The needledick scene cuts straight to the lawyer, who is pimping election funds for Ronald Regan, soon to be governor of California.  The republican king-maker has skeletons that won’t come out of the closet. Ken Karn (Brian F. O’Byrne) lives out his George Michael fantasy in park bathrooms. Karn goes into homophobic panic and threatens Manson with a 12-gauge phallic symbol. He’s obviously over-compensating. His wife, Grace, doesn’t think he’s much of a man. Luckily Manson (Gethin Anthony) has nothing but love for Ken. He owes him for the studio time anyway.

You can’t fault Marvin the box cutter for trying. The deliveryman iced Art after he heard that he was going to rat on the one of the biggest dealers in the City of Angels. Duchovny gets to go supercop on Marvin, disarming him in a single move and breaking his arm while handcuffing him. Hodiak even gets witty banter. When Hodiak is looking for his son he says he’s not a cop. But he’s always a cop and yet Duchovny, even though he’s played a cop of some kind or another for most of his career, isn’t quite cop enough. There’s something averse to playing the role even as he obviously loves playing the game.

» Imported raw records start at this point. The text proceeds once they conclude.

lemma ham_path_not_F8:
  assumes "ham_path (C_shape m n k l c) s t" "m \<ge> 2"
  shows "\<not> (n = 3 \<and> k = 1 \<and> c = 1 \<and> n - l - c = 1 \<and>
            ((m - k \<ge> 2 \<and> fst s = m - 1 \<and> fst t = m - 1 \<and> \<bar>snd s - snd t\<bar> = 2) \<or>
             (m - k = 2 \<and> fst s = 1 \<and> fst t = 2 \<and> \<bar>snd s - snd t\<bar> = 2) \<or>
             (m - k > 2 \<and> fst s < m - 1 \<and> t = (m - 1, 2))))"
    (is "\<not> (_ \<and> _ \<and> _ \<and> _ \<and> ?F8)")
proof (rule notI, elim conjE)
  assume "n = 3" "k = 1" "c = 1" "n - l - c = 1" ?F8
  then have hp: "ham_path (C_shape m 3 1 1 1) s t" using assms(1) by simp
  have flipped: "ham_path (C_shape m 3 1 1 1) (flip_rows 3 s) (flip_rows 3 t)"
    using ham_path_flip_rows[OF hp] by simp
  have "snd s \<in> {1..3}" "snd t \<in> {1..3}"
    using ham_path_ends_mem[OF hp] by (auto simp: C_shape_def)
  then have "\<bar>snd s - snd t\<bar> = 2 \<longleftrightarrow> snd s = 1 \<and> snd t = 3 \<or> snd s = 3 \<and> snd t = 1"
    by auto
  with \<open>?F8\<close> \<open>k = 1\<close> consider
      "m \<ge> 3" "s = (m - 1, 1) \<and> t = (m - 1, 3) \<or> s = (m - 1, 3) \<and> t = (m - 1, 1)"
    | "m = 3" "s = (1, 1) \<and> t = (2, 3) \<or> s = (1, 3) \<and> t = (2, 1)"
    | "m > 3" "fst s < m - 1" "t = (m - 1, 2)"
    by (auto simp: prod_eq_iff)
  then show False
  proof cases
    case 1
    then show False using no_ham_path_F8_1 hp flipped by (auto simp: flip_rows_def)
  next
    case 2
    then show False using no_ham_path_F8_2 hp flipped by (auto simp: flip_rows_def)
  next
    case 3
    then show False using no_ham_path_F8_3 hp assms(2) by auto
  qed
qed

theorem lemma7:
  fixes m n k l c d :: int and s t :: vtx
  assumes "m \<ge> 2" "n \<ge> 3" "k \<ge> 1" "l \<ge> 1" "c \<ge> 1"
    and "d = n - l - c" "d \<ge> 1" "m - k \<ge> 1"
    and "s \<in> C_shape m n k l c" "t \<in> C_shape m n k l c" "s \<noteq> t"
    and "fst s \<le> fst t"
    and "ham_path (C_shape m n k l c) s t"
  shows "let V = C_shape m n k l c; a = m - k in
     \<not> (cut_vertex V s \<or> cut_vertex V t \<or> vertex_cut V {s, t})
   \<and> \<not> (\<exists>w\<in>V. sg_degree V w = 1 \<and> w \<noteq> s \<and> w \<noteq> t)
   \<and> \<not> (m = 3 \<and> a = 2 \<and>
         ((c = 1 \<and> ({s, t} = {(1,1),(2,2)} \<or> {s, t} = {(1,2),(2,1)})) \<or>
          (d = 1 \<and> ({s, t} = {(1,n),(2,n-1)} \<or> {s, t} = {(1,n-1),(2,n)}))))
   \<and> \<not> (n = 3 \<and> k = 1 \<and> c = 1 \<and> d = 1 \<and>
         ((a \<ge> 2 \<and> fst s = m - 1 \<and> fst t = m - 1 \<and> \<bar>snd s - snd t\<bar> = 2) \<or>
          (a = 2 \<and> fst s = 1 \<and> fst t = 2 \<and> \<bar>snd s - snd t\<bar> = 2) \<or>
          (a > 2 \<and> fst s < m - 1 \<and> t = (m - 1, 2))))
   \<and> \<not> (a = 1 \<and> ((snd s \<le> c \<and> snd t \<le> c) \<or> (snd s > c + l \<and> snd t > c + l)))"
proof -
  let ?V = "C_shape m n k l c"
  have "n - l - c \<ge> 1" using assms(6,7) by simp
  have "\<not> (\<exists>w\<in>?V. sg_degree ?V w = 1 \<and> w \<noteq> s \<and> w \<noteq> t)"
    using ham_path_interior_degree[OF assms(13)] by fastforce
  with ham_path_connected_Diff_ends[OF assms(13,11)]
    ham_path_not_F7[OF assms(13,12,5,4) \<open>n - l - c \<ge> 1\<close>]
    ham_path_not_F8[OF assms(13,1)] ham_path_not_F9[OF assms(13,5,4) \<open>n - l - c \<ge> 1\<close>]
  show ?thesis unfolding Let_def cut_vertex_def vertex_cut_def assms(6) by blast
qed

You just never know anyone, if you’re lucky. The more the young narc gets to know Hodiak, the further down the dark LAPD rabbit hole the kid’s going to fall. He’s whitewashing more than just his garage. Shafe gets Mike to roll over on his dangerous alibi by promising to help him clear his head with some smack. He tramples on jurisprudence by lying to the junkie about the murder rap he’s facing and pays him off with a garlic thick shake.

Like father like daughter. Emma Karn (Emma Dumont) teaches Sam that LSD and rifles don’t mix. This wasn’t a bad representation of a hallucination for network TV. Trippers don’t always see monsters, usually it’s the perception that gets altered, not the specific landscape. I was once convinced a friend had been beaten black and blue while tripping, but I didn’t see him as having two heads. Oh. Don’t try it at home. It’s better in a club anyway.

The Manson song of the week was the title of the episode. The series is moving at a fairly good clip, but seems like it’s not quite sure of its footing. That doesn’t stop it from proceeding at a confident pace that matches the easy-going relentlessness of Duchovny’s Hodiak.

Vincent Bugliosi, who prosecuted Charles Manson and the other defendants murder spree that started on Aug. 8, 1969, died of cancer Saturday, June 6, at a Los Angeles hospital. He was 80. Manson turned 80 in November.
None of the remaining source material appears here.